- _ASSIGNMENT_:
From the top of the records below down to the line containing "using P permutes_inj[OF", reproduce every line exactly.

■ ■ ■ ■ ■ ■ ■

lemma Cprod_inv_snoc: "2 \<le> m \<Longrightarrow> Cprod_inv (ms @ [m]) = Ccyc_inv m \<circ> Cprod_inv ms"
  unfolding Cprod_inv_def by (simp add: inv_Ccyc)

lemma Cprod_inv_Nil: "Cprod_inv [] = id"
  by (simp add: Cprod_inv_def)

lemma Cprod_inv_permutes: "set ms \<subseteq> {2..n} \<Longrightarrow> Cprod_inv ms permutes {1..n}"
proof (induction ms rule: rev_induct)
  case Nil
  show ?case unfolding Cprod_inv_Nil by (rule permutes_id)
next
  case (snoc m ms)
  then have "2 \<le> m" "m \<le> n" "set ms \<subseteq> {2..n}" by auto
  with snoc.IH show ?case
    unfolding Cprod_inv_snoc[OF \<open>2 \<le> m\<close>] by (intro permutes_compose Ccyc_inv_permutes)
qed

lemma Cprod_inv_fixes: "\<forall>m\<in>set ms. 2 \<le> m \<and> m < k \<Longrightarrow> Cprod_inv ms k = k"
  by (induction ms rule: rev_induct) (auto simp: Cprod_inv_Nil Cprod_inv_snoc Ccyc_inv_def)

text \<open>Ccyc_inv m sends m to 1 and shifts 1, ..., m - 1 up by one; this is where m belongs
  in the new order, since its signed index -m is smaller than all others.\<close>
lemma same_order_on_insert_Ccyc_inv:
  assumes P: "P permutes {1..n}" "P m = m" and J: "\<forall>j\<in>J. j < m" and "2 \<le> m"
    and ord: "same_order_on {1..n} (signed_index J) P"
  shows "same_order_on {1..n} (signed_index (insert m J)) (Ccyc_inv m \<circ> P)"
  unfolding same_order_on_def
proof (intro ballI)
  fix u v assume u: "u \<in> {1..n}" and v: "v \<in> {1..n}"
  have PS: "P u \<in> {1..n}" "P v \<in> {1..n}" using u v permutes_in_image[OF P(1)] by auto
  have Pm: "P u = m \<longleftrightarrow> u = m" "P v = m \<longleftrightarrow> v = m"
    using P permutes_inj[OF P(1)] by (metis injD)+
  have "m \<notin> J" using J by auto
  consider "u = m" | "u \<noteq> m" "v = m" | "u \<noteq> m" "v \<noteq> m" by blast
  then show "signed_index (insert m J) u < signed_index (insert m J) v
      \<longleftrightarrow> (Ccyc_inv m \<circ> P) u < (Ccyc_inv m \<circ> P) v"
  proof cases
    case 1
    then show ?thesis using J u v PS Pm \<open>2 \<le> m\<close> by (auto simp: signed_index_def Ccyc_inv_def)
  next
    case 2
    then show ?thesis using J u v PS Pm \<open>2 \<le> m\<close> by (auto simp: signed_index_def Ccyc_inv_def)
  next
    case 3
    then have "signed_index (insert m J) u < signed_index (insert m J) v \<longleftrightarrow> P u < P v"
      using ord u v by (simp add: same_order_on_def signed_index_def)
    then show ?thesis using 3 PS Pm by (auto simp: Ccyc_inv_def)
  qed
qed

lemma Cprod_inv_same_order:
  assumes "sorted_wrt (<) ms" "set ms \<subseteq> {2..n}"
  shows "same_order_on {1..n} (signed_index (set ms)) (Cprod_inv ms)"
  using assms
proof (induction ms rule: rev_induct)
  case Nil
  then show ?case by (simp add: Cprod_inv_Nil same_order_on_def signed_index_def)
next
  case (snoc m ms)
  then have lt: "\<forall>j\<in>set ms. j < m" and "2 \<le> m" "sorted_wrt (<) ms" and ms: "set ms \<subseteq> {2..n}"
    by (auto simp: sorted_wrt_append)
  with snoc.IH have IH: "same_order_on {1..n} (signed_index (set ms)) (Cprod_inv ms)" by blast
  have set_snoc: "set (ms @ [m]) = insert m (set ms)" by simp
  show ?case
    unfolding Cprod_inv_snoc[OF \<open>2 \<le> m\<close>] set_snoc using IH lt ms \<open>2 \<le> m\<close>
    by (intro same_order_on_insert_Ccyc_inv Cprod_inv_permutes Cprod_inv_fixes) auto
qed

lemma Cprod_inv_one:
  assumes "sorted_wrt (<) ms" "set ms \<subseteq> {2..n}" "1 \<le> n"
  shows "Cprod_inv ms 1 = length ms + 1"
proof -
  have "Cprod_inv ms 1 = card (set ms) + 1"
    using permutes_same_order_rank[OF Cprod_inv_permutes[OF assms(2)] Cprod_inv_same_order[OF assms(1,2)]]
      assms(3) signed_index_less_one[OF assms(2)] by simp
  with assms(1) show ?thesis by (simp add: strict_sorted_iff distinct_card)
qed

lemma Cprod_inv_mem_triples:
  assumes \<sigma>: "\<sigma> permutes {1..n}" "\<sigma> i = 1" and "i \<in> {1..n}"
    and ms: "sorted_wrt (<) ms" "length ms = i - 1" "set ms \<subseteq> {2..n}"
  shows "(\<sigma> \<circ> Cprod_inv ms, {2..n} - set ms, set ms) \<in> triples n \<sigma>"
proof -
  have P: "Cprod_inv ms permutes {1..n}" by (rule Cprod_inv_permutes[OF ms(3)])
  have "Cprod_inv ms 1 = i" using Cprod_inv_one[OF ms(1,3)] ms(2) \<open>i \<in> {1..n}\<close> by simp
  then have "\<sigma> \<circ> Cprod_inv ms \<in> Sym1 n"
    using permutes_compose[OF P \<sigma>(1)] \<sigma>(2) by (simp add: Sym1_def)
  moreover have "inv \<sigma> \<circ> (\<sigma> \<circ> Cprod_inv ms) = Cprod_inv ms"
    by (simp add: comp_assoc[symmetric] permutes_inv_o[OF \<sigma>(1)])
  ultimately show ?thesis
    using Cprod_inv_same_order[OF ms(1,3)] ms(3) by (simp add: mem_triples_iff[OF \<sigma>(1)])
qed

lemma triples_eq_Cprod_inv_image:
  assumes \<sigma>: "\<sigma> permutes {1..n}" "\<sigma> i = 1" and i: "i \<in> {1..n}"
  shows "triples n \<sigma> = (\<lambda>ms. (\<sigma> \<circ> Cprod_inv ms, {2..n} - set ms, set ms)) `
    {ms. sorted_wrt (<) ms \<and> length ms = i - 1 \<and> set ms \<subseteq> {2..n}}"
proof (intro equalityI subsetI)
  fix x assume x: "x \<in> triples n \<sigma>"
  then obtain \<tau> I J where [simp]: "x = (\<tau>, I, J)" by (cases x) blast
  from x have J: "J \<subseteq> {2..n}" and I: "I = {2..n} - J"
    by (simp_all add: mem_triples_iff[OF \<sigma>(1)])
  have "inv \<sigma> 1 = i" using permutes_inv_eq[OF \<sigma>(1)] \<sigma>(2) by simp
  then have "card J = i - 1" using triples_card[OF \<sigma>(1) _ x[simplified]] i by simp
  moreover obtain ms where ms: "sorted_wrt (<) ms" "set ms = J"
    using sorted_list_of_set.finite_set_strict_sorted finite_subset[OF J] by blast
  ultimately have "length ms = i - 1" by (metis distinct_card strict_sorted_iff)
  with ms J have "(\<sigma> \<circ> Cprod_inv ms, I, J) \<in> triples n \<sigma>"
    using Cprod_inv_mem_triples[OF \<sigma> i] I by auto
  with x have "\<tau> = \<sigma> \<circ> Cprod_inv ms" using triples_unique[OF \<sigma>(1)] by simp
  with ms J I \<open>length ms = i - 1\<close>
  show "x \<in> (\<lambda>ms. (\<sigma> \<circ> Cprod_inv ms, {2..n} - set ms, set ms)) `
    {ms. sorted_wrt (<) ms \<and> length ms = i - 1 \<and> set ms \<subseteq> {2..n}}" by auto
qed (use Cprod_inv_mem_triples[OF \<sigma> i] in auto)

theorem lemma3p4:
  fixes n :: nat
  assumes "n \<ge> 2"
  shows "(\<forall>\<tau> I J. \<tau> \<in> Sym1 n \<and> I \<union> J = {2..n} \<and> I \<inter> J = {} \<longrightarrow>
            (\<exists>\<sigma> \<in> Sym n. Aexp \<sigma> {2..n} {} = Aexp \<tau> I J))
       \<and> (\<forall>\<sigma> \<in> Sym1 n. triples n \<sigma> = {(\<sigma>, {2..n}, {})})
       \<and> (\<forall>i \<in> {2..n}. \<forall>\<sigma> \<in> Sym1coset n i.
            triples n \<sigma> =
              (\<lambda>ms. (\<sigma> \<circ> Cprod_inv ms, {2..n} - set ms, set ms)) `
                {ms. sorted_wrt (<) ms \<and> length ms = i - 1 \<and> set ms \<subseteq> {2..n}}
          \<and> inj_on (\<lambda>ms. (\<sigma> \<circ> Cprod_inv ms, {2..n} - set ms, set ms))
                {ms. sorted_wrt (<) ms \<and> length ms = i - 1 \<and> set ms \<subseteq> {2..n}})"
proof (intro conjI allI impI ballI)
  fix \<tau> I J assume "\<tau> \<in> Sym1 n \<and> I \<union> J = {2..n} \<and> I \<inter> J = {}"
  then have "\<tau> permutes {1..n}" "J \<subseteq> {2..n}" "I = {2..n} - J" by (auto simp: Sym1_def)
  then show "\<exists>\<sigma> \<in> Sym n. Aexp \<sigma> {2..n} {} = Aexp \<tau> I J"
    using Aexp_full_eq_exists by (auto simp: Sym_def)
next
  fix \<sigma> assume "\<sigma> \<in> Sym1 n"
  moreover have "{ms. sorted_wrt (<) ms \<and> length ms = 1 - 1 \<and> set ms \<subseteq> {2..n}} = {[]}" by auto
  ultimately have "triples n \<sigma> = (\<lambda>ms. (\<sigma> \<circ> Cprod_inv ms, {2..n} - set ms, set ms)) ` {[]}"
    using triples_eq_Cprod_inv_image[of \<sigma> n 1] assms by (simp add: Sym1_def)
  then show "triples n \<sigma> = {(\<sigma>, {2..n}, {})}" by (simp add: Cprod_inv_Nil)
next
  fix i \<sigma> assume i: "i \<in> {2..n}" and "\<sigma> \<in> Sym1coset n i"
  then obtain \<tau> where \<tau>: "\<tau> permutes {1..n}" "\<tau> 1 = 1" and \<sigma>_def: "\<sigma> = \<tau> \<circ> transpose 1 i"
    by (auto simp: Sym1coset_def Sym1_def)
  have "\<sigma> permutes {1..n}"
    unfolding \<sigma>_def using i by (intro permutes_compose[OF permutes_swap_id \<tau>(1)]) auto
  moreover have "\<sigma> i = 1" using \<tau>(2) by (simp add: \<sigma>_def)
  ultimately show "triples n \<sigma> = (\<lambda>ms. (\<sigma> \<circ> Cprod_inv ms, {2..n} - set ms, set ms)) `
    {ms. sorted_wrt (<) ms \<and> length ms = i - 1 \<and> set ms \<subseteq> {2..n}}"
    using triples_eq_Cprod_inv_image i by simp
next
  fix i \<sigma>
  show "inj_on (\<lambda>ms. (\<sigma> \<circ> Cprod_inv ms, {2..n} - set ms, set ms))
    {ms. sorted_wrt (<) ms \<and> length ms = i - 1 \<and> set ms \<subseteq> {2..n}}"
    by (auto intro: inj_onI strict_sorted_equal)
qed

end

■ ■ ■ ■ ■ ■ ■

- _EXERCISE RESPONSE_:
lemma Cprod_inv_snoc: "2 \<le> m \<Longrightarrow> Cprod_inv (ms @ [m]) = Ccyc_inv m \<circ> Cprod_inv ms"
  unfolding Cprod_inv_def by (simp add: inv_Ccyc)

lemma Cprod_inv_Nil: "Cprod_inv [] = id"
  by (simp add: Cprod_inv_def)

lemma Cprod_inv_permutes: "set ms \<subseteq> {2..n} \<Longrightarrow> Cprod_inv ms permutes {1..n}"
proof (induction ms rule: rev_induct)
  case Nil
  show ?case unfolding Cprod_inv_Nil by (rule permutes_id)
next
  case (snoc m ms)
  then have "2 \<le> m" "m \<le> n" "set ms \<subseteq> {2..n}" by auto
  with snoc.IH show ?case
    unfolding Cprod_inv_snoc[OF \<open>2 \<le> m\<close>] by (intro permutes_compose Ccyc_inv_permutes)
qed

lemma Cprod_inv_fixes: "\<forall>m\<in>set ms. 2 \<le> m \<and> m < k \<Longrightarrow> Cprod_inv ms k = k"
  by (induction ms rule: rev_induct) (auto simp: Cprod_inv_Nil Cprod_inv_snoc Ccyc_inv_def)

text \<open>Ccyc_inv m sends m to 1 and shifts 1, ..., m - 1 up by one; this is where m belongs
  in the new order, since its signed index -m is smaller than all others.\<close>
lemma same_order_on_insert_Ccyc_inv:
  assumes P: "P permutes {1..n}" "P m = m" and J: "\<forall>j\<in>J. j < m" and "2 \<le> m"
    and ord: "same_order_on {1..n} (signed_index J) P"
  shows "same_order_on {1..n} (signed_index (insert m J)) (Ccyc_inv m \<circ> P)"
  unfolding same_order_on_def
proof (intro ballI)
  fix u v assume u: "u \<in> {1..n}" and v: "v \<in> {1..n}"
  have PS: "P u \<in> {1..n}" "P v \<in> {1..n}" using u v permutes_in_image[OF P(1)] by auto
  have Pm: "P u = m \<longleftrightarrow> u = m" "P v = m \<longleftrightarrow> v = m"
    using P permutes_inj[OF P(1)] by (metis injD)+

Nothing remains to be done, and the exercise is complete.